Nederlands vlieger (Wladimir, Rusl., 30 Jan. 1895), K.L.M.-piloot, werd in 1914 aan het Russische front gewond en ging, na hersteld te zijn, naar de militaire luchtvaart. Bij het uitbreken van de revolutie vluchtte hij via Wladiwostok en het Verre Oosten naar Londen, waar hij dienst nam bij de R.A.F.

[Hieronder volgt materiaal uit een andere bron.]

lemma irreducible_shifted_cyclotomic_sq:
  assumes "prime p"
  shows "irreducible (shifted_cyclotomic_sq p)"
proof -
  have "p > 1" using assms prime_gt_1_nat by blast
  then have "p < p\<^sup>2" by (simp add: power2_eq_square)
  then have "\<not> p\<^sup>2 dvd p" using \<open>p > 1\<close> by (auto dest: dvd_imp_le)
  then have "\<not> (int p)\<^sup>2 dvd coeff (shifted_cyclotomic_sq p) 0"
    unfolding coeff_0_shifted_cyclotomic_sq by (metis of_nat_dvd_iff of_nat_power)
  moreover have "degree (shifted_cyclotomic_sq p) = p\<^sup>2 - p" "lead_coeff (shifted_cyclotomic_sq p) = 1"
    using degree_shifted_cyclotomic_sq \<open>p > 1\<close> by auto
  ultimately show ?thesis
    using assms \<open>p < p\<^sup>2\<close> prime_dvd_coeff_shifted_cyclotomic_sq[OF assms]
    by (intro eisenstein_irreducible[where q = "int p"]) simp_all
qed

section \<open>Vanishing sums of roots of unity of order p^2\<close>

definition root_unity :: "nat \<Rightarrow> complex" where
  "root_unity n = exp (2 * pi * \<i> / of_nat n)"

lemma root_unity_power: "root_unity n ^ k = exp (2 * pi * \<i> * of_nat k / of_nat n)"
  by (simp add: root_unity_def exp_of_nat_mult[symmetric] mult.commute)

lemma root_unity_power_eq_1_iff:
  assumes "n > 0"
  shows "root_unity n ^ k = 1 \<longleftrightarrow> n dvd k"
  using complex_root_unity_eq_1[of n k] assms by (simp add: root_unity_power)

lemma sum_root_unity_powers:
  assumes "n > 1"
  shows "(\<Sum>k<n. root_unity n ^ k) = 0"
proof -
  have "root_unity n ^ n - 1 = (root_unity n - 1) * (\<Sum>k<n. root_unity n ^ k)"
    by (rule power_diff_1_eq)
  moreover have "root_unity n ^ n = 1" "root_unity n \<noteq> 1"
    using root_unity_power_eq_1_iff[of n n] root_unity_power_eq_1_iff[of n 1] assms by auto
  ultimately show ?thesis by simp
qed

lemma root_unity_sq_power:
  assumes "p > 0"
  shows "root_unity (p\<^sup>2) ^ p = root_unity p"
  unfolding root_unity_def exp_of_nat_mult[symmetric] using assms by (simp add: power2_eq_square)

lemma sum_root_unity_sq_coset:
  assumes "p > 1"
  shows "(\<Sum>k<p. root_unity (p\<^sup>2) ^ (t + p * k)) = 0"
  using sum_root_unity_powers[OF assms] root_unity_sq_power[of p] assms
  by (simp add: power_add power_mult sum_distrib_left[symmetric])

lemma exp_int_eq_root_unity_power:
  assumes "n > 0"
  shows "exp (2 * pi * \<i> * of_int s / of_int (int n)) = root_unity n ^ nat (s mod int n)"
proof -
  have "of_int s = of_int (int n) * of_int (s div int n) + (of_nat (nat (s mod int n)) :: complex)"
    using assms by (metis mult_div_mod_eq of_int_add of_int_mult of_nat_nat pos_mod_sign of_int_of_nat_eq of_nat_0_less_iff)
  then have "2 * pi * \<i> * of_int s / of_int (int n) =
      of_int (s div int n) * (2 * pi * \<i>) + 2 * pi * \<i> * of_nat (nat (s mod int n)) / of_nat n"
    using assms by (simp add: field_simps)
  moreover have "exp (of_int (s div int n) * (2 * pi * \<i>)) = 1"
    using exp_integer_2pi[of "of_int (s div int n)"] by (simp add: mult_ac)
  ultimately show ?thesis by (simp add: exp_add root_unity_power)
qed

lemma poly_shifted_cyclotomic_sq_root:
  assumes "p > 1"
  shows "poly (map_poly of_int (shifted_cyclotomic_sq p)) (root_unity (p\<^sup>2) - 1) = 0"
proof -
  have "poly (map_poly of_int (shifted_cyclotomic_sq p)) (root_unity (p\<^sup>2) - 1) =
      (\<Sum>k<p. (root_unity (p\<^sup>2) ^ p) ^ k)"
    by (simp add: shifted_cyclotomic_sq_def map_poly_of_int_sum map_poly_of_int_power poly_sum
        map_poly_pCons power_mult)
  also have "\<dots> = 0" using sum_root_unity_powers[OF assms] root_unity_sq_power[of p] assms by simp
  finally show ?thesis .
qed

lemma pcompose_monom: "pcompose (monom c n) q = smult c (q ^ n)"
  by (induction n) (simp_all add: monom_0 monom_Suc pcompose_pCons)

lemma root_unity_sq_powers_independent:
  assumes "prime p" and "(\<Sum>j<p\<^sup>2 - p. of_int (f j) * root_unity (p\<^sup>2) ^ j) = 0"
    and "j < p\<^sup>2 - p"
  shows "f j = 0"
proof -
  define r where "r = (\<Sum>i<p\<^sup>2 - p. monom (f i) i)"
  have coeff_r: "coeff r i = (if i < p\<^sup>2 - p then f i else 0)" for i
    by (simp add: r_def coeff_sum coeff_monom)
  have "r = 0"
  proof (rule ccontr)
    assume "r \<noteq> 0"
    define r' where "r' = pcompose r [:1, 1:]"
    have "r' = (\<Sum>i<p\<^sup>2 - p. smult (f i) ([:1, 1:] ^ i))"
      by (simp add: r'_def r_def pcompose_sum pcompose_monom)
    then have "poly (map_poly of_int r') (root_unity (p\<^sup>2) - 1) = 0"
      using assms(2)
      by (simp add: map_poly_of_int_sum map_poly_of_int_smult map_poly_of_int_power poly_sum map_poly_pCons)
    moreover have "r' \<noteq> 0" unfolding r'_def using \<open>r \<noteq> 0\<close> pcompose_eq_0[of r "[:1, 1 :: int:]"] by auto
    moreover have "p > 1" using assms(1) prime_gt_1_nat by blast
    ultimately have "p\<^sup>2 - p \<le> degree r'"
      using irreducible_root_degree_le[OF irreducible_shifted_cyclotomic_sq[OF assms(1)]
          poly_shifted_cyclotomic_sq_root] degree_shifted_cyclotomic_sq[of p] by auto
    moreover have "degree r' = degree r" by (simp add: r'_def degree_pcompose)
    moreover have "degree r < p\<^sup>2 - p"
      using \<open>r \<noteq> 0\<close> coeff_r[of "degree r"] by (metis leading_coeff_0_iff)
    ultimately show False by linarith
  qed
  then show ?thesis using coeff_r[of j] assms(3) by simp
qed

lemma vanishing_sum_root_unity_sq_periodic:
  fixes c :: "nat \<Rightarrow> int"
  assumes "prime p" and vanish: "(\<Sum>j<p\<^sup>2. of_int (c j) * root_unity (p\<^sup>2) ^ j) = 0" and "j < p\<^sup>2"
  shows "c j = c (j mod p + p * (p - 1))"
proof -
  \<comment> \<open>\<open>d\<close> repeats the top block of \<open>c\<close>; its sum vanishes, and \<open>c - d\<close> vanishes on the top block\<close>
  define d where "d j = c (j mod p + p * (p - 1))" for j
  have "p > 1" using assms(1) prime_gt_1_nat by blast
  have "(\<Sum>j<p\<^sup>2. of_int (d j) * root_unity (p\<^sup>2) ^ j) =
      (\<Sum>k<p. \<Sum>t<p. of_int (d t) * root_unity (p\<^sup>2) ^ (t + p * k))"
    unfolding power2_eq_square sum_mult_product using \<open>p > 1\<close> by (simp add: d_def mult.commute)
  also have "\<dots> = (\<Sum>t<p. of_int (d t) * (\<Sum>k<p. root_unity (p\<^sup>2) ^ (t + p * k)))"
    by (subst sum.swap) (simp add: sum_distrib_left)
  also have "\<dots> = 0" using sum_root_unity_sq_coset[OF \<open>p > 1\<close>] by simp
  finally have "(\<Sum>j<p\<^sup>2. of_int (c j - d j) * root_unity (p\<^sup>2) ^ j) = 0"
    using vanish by (simp add: sum_subtractf left_diff_distrib)
  moreover have "c j - d j = 0" if "p\<^sup>2 - p \<le> j" "j < p\<^sup>2" for j
  proof -
    have "(p - 1) * p \<le> j" using that by (simp add: power2_eq_square diff_mult_distrib)
    then have "p - 1 \<le> j div p" using \<open>p > 1\<close> div_le_mono[of "(p - 1) * p" j p] by simp
    moreover have "j div p < p" using that by (simp add: power2_eq_square less_mult_imp_div_less)
    ultimately have "j div p = p - 1" by simp
    then show ?thesis unfolding d_def using mod_mult_div_eq[of j p] by simp
  qed
  ultimately have "(\<Sum>j<p\<^sup>2 - p. of_int (c j - d j) * root_unity (p\<^sup>2) ^ j) = 0"
    by (subst sum.mono_neutral_left[where T = "{..<p\<^sup>2}"]) (auto simp: subset_eq)
  then have "c j - d j = 0" if "j < p\<^sup>2 - p" for j
    using root_unity_sq_powers_independent[OF assms(1), of "\<lambda>j. c j - d j"] that by blast
  with \<open>\<And>j. p\<^sup>2 - p \<le> j \<Longrightarrow> j < p\<^sup>2 \<Longrightarrow> c j - d j = 0\<close> assms(3) show ?thesis
    unfolding d_def by (metis eq_iff_diff_eq_0 not_le)
qed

Later was hij assistent van de Russische luchtvaartattaché in Parijs; na de nederlaag van generaal Wrangel, voor wie hij vliegtuigen naar het front bracht, kwam hij als mecanicien op Croydon, het vliegveld van Londen, en later als vlieger bij de Belgische maatschappij S.N.E.T.A.In 1922 kwam hij als vlieger bij de K.L.M., waar hij vooral roem verwierf door de Pelikaanvlucht in Dec. 1933; het Fokkervliegtuig „Pelikaan” met Smirnoff als gezagvoerder vloog toen in 4 dagen naar Batavia en in dezelfde tijd weer terug. Tijdens Wereldoorlog II was Smirnoff in Ned.-Indië en toen hij met een van de laatste vliegtuigen Java verlaten had, werd hij door Japanse jagers bij Broome aan de Australische noordkust neergeschoten; hoewel gewond, wist hij het toestel op het strand te zetten. Later ging hij naar Amerika en na de bevrijding keerde hij in Nederland terug. Nog enige jaren bleef hij bij de K.L.M., eerst als vlieger, later bij het Inspectiebureau. In 1949 heeft hij de maatschappij verlaten.
Bibl.: Smirnoff vertelt (1938); De toekomst heeft vleugels (1947).